§ **SUPPLIED DATA**
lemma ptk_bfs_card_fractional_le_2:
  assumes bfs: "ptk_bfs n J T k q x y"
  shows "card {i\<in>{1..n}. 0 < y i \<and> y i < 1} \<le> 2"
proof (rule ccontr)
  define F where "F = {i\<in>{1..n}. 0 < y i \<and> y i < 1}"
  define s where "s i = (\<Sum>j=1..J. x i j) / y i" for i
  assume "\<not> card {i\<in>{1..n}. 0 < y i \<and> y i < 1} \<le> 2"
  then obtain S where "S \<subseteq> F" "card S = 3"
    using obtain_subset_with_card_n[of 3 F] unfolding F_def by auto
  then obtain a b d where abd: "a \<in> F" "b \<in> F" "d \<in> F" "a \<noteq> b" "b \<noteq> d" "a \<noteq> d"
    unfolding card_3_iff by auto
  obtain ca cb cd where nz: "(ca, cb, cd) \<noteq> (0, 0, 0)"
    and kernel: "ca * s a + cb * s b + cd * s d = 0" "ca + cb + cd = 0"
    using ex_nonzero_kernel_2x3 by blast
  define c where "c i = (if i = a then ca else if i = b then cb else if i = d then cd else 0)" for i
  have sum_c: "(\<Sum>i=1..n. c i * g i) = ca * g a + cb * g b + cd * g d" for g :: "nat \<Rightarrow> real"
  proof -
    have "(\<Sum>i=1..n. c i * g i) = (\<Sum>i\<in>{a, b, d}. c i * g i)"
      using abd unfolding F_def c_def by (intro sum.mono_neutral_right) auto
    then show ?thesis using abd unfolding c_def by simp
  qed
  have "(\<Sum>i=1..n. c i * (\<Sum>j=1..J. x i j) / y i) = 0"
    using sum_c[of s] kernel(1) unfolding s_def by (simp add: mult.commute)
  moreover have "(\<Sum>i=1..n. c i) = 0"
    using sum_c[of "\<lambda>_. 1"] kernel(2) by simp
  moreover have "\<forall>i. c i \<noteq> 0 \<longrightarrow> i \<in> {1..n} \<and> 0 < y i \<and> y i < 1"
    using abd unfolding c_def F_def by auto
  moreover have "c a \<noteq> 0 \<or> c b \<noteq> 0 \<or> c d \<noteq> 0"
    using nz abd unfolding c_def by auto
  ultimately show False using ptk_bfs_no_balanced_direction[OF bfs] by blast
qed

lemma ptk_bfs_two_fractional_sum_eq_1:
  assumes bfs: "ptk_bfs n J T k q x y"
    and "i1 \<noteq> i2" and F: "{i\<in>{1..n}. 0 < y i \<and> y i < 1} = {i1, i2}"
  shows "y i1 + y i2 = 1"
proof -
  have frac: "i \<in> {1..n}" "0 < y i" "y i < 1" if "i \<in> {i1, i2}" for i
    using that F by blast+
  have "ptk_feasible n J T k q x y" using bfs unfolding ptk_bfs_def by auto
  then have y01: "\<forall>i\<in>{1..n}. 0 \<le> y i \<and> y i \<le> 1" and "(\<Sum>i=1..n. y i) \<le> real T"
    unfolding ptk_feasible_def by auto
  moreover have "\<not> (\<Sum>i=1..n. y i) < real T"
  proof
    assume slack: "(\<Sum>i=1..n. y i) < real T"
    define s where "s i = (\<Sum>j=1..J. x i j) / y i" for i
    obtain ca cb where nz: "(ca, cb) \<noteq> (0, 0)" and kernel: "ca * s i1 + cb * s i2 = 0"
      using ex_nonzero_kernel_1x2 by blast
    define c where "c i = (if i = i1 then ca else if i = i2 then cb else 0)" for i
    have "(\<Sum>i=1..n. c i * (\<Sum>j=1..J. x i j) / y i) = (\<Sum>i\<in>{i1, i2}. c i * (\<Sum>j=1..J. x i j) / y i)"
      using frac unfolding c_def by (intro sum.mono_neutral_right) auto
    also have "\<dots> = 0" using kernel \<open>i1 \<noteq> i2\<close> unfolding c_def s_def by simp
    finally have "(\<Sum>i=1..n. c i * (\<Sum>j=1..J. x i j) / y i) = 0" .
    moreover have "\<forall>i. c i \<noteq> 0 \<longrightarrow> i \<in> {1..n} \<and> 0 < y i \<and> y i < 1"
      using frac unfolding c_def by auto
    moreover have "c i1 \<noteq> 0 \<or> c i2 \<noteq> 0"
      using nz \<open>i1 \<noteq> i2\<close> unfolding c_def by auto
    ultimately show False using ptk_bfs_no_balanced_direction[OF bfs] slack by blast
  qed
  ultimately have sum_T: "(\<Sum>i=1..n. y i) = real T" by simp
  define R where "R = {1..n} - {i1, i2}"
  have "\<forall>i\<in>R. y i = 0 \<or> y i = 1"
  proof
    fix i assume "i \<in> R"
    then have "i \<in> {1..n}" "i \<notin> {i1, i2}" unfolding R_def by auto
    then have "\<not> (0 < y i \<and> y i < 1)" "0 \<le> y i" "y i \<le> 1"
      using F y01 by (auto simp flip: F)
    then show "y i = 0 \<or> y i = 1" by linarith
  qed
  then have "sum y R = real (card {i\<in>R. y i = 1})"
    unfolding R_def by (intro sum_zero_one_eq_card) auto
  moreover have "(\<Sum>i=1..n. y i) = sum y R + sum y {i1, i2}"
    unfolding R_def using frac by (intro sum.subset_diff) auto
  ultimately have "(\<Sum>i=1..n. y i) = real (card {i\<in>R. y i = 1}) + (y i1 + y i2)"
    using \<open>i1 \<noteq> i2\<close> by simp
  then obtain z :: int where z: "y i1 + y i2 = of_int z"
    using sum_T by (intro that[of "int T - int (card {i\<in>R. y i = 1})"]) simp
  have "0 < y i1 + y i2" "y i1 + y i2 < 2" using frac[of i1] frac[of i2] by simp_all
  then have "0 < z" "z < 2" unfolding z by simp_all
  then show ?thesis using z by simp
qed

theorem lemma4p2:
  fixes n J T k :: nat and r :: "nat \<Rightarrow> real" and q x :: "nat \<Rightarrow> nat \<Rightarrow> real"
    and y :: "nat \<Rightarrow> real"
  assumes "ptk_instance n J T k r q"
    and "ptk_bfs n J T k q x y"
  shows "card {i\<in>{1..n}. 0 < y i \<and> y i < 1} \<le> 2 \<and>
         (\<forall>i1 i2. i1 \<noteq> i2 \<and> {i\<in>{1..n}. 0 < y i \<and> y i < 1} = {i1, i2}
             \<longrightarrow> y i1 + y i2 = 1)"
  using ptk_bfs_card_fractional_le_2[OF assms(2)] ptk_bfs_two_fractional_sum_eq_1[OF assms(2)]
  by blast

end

---

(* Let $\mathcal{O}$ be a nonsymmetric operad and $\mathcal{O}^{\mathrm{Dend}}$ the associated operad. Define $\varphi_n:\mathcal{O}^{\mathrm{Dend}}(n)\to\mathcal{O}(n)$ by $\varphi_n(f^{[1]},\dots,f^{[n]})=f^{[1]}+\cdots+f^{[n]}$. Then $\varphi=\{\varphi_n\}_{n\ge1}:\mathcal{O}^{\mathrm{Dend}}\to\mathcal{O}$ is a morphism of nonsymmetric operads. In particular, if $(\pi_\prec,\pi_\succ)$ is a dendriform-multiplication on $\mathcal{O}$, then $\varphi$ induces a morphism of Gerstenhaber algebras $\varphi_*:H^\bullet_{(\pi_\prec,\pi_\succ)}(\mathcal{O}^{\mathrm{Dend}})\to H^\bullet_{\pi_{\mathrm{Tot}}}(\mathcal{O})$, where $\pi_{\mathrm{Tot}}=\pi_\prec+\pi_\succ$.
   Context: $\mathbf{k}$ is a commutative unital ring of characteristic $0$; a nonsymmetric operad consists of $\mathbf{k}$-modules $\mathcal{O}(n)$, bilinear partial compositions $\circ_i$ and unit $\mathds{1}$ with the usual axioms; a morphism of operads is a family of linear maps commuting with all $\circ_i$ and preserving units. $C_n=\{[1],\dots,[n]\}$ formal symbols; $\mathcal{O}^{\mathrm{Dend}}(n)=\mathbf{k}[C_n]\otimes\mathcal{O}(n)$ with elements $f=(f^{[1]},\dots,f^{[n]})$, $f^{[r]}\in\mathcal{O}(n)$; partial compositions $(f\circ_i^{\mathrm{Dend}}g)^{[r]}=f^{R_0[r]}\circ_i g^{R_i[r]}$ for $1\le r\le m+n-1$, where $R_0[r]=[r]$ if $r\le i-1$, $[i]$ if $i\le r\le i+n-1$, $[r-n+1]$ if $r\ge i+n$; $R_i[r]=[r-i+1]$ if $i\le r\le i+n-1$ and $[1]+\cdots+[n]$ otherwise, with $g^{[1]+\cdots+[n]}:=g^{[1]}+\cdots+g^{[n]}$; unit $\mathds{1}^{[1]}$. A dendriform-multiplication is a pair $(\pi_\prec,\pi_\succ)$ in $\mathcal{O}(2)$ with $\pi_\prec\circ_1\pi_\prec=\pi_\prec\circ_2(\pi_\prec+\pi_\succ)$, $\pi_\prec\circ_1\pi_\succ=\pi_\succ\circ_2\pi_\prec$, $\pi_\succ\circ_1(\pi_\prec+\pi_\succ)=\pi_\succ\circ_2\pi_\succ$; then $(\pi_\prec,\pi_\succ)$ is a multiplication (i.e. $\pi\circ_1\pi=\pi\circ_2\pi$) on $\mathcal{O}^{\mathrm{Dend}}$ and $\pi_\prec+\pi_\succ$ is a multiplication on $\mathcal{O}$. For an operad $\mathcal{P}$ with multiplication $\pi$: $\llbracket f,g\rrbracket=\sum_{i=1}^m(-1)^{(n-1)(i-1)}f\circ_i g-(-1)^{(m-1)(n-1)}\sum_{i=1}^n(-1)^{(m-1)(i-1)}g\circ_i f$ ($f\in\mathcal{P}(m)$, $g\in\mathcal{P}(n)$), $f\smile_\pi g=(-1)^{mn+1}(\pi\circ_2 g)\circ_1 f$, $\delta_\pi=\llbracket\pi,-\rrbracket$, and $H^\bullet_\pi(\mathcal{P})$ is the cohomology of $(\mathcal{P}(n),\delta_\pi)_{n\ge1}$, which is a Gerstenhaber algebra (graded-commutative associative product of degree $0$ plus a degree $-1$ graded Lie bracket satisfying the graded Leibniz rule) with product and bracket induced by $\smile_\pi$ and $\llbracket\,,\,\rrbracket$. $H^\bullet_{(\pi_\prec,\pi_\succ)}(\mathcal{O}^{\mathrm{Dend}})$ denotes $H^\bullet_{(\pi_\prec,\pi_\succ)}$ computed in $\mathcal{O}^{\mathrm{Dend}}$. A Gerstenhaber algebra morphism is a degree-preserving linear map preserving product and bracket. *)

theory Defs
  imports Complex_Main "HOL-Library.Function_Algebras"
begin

§ **BRIEF**
Restate word for word the entries above, starting at the line with "unfolding R_def by (intro" and ending at the line with "using sum_T by", inclusive, and no others.

§ **TASK SOLUTION**
    unfolding R_def by (intro sum_zero_one_eq_card) auto
  moreover have "(\<Sum>i=1..n. y i) = sum y R + sum y {i1, i2}"
    unfolding R_def using frac by (intro sum.subset_diff) auto
  ultimately have "(\<Sum>i=1..n. y i) = real (card {i\<in>R. y i = 1}) + (y i1 + y i2)"
    using \<open>i1 \<noteq> i2\<close> by simp
  then obtain z :: int where z: "y i1 + y i2 = of_int z"
    using sum_T by (intro that[of "int T - int (card {i\<in>R. y i = 1})"]) simp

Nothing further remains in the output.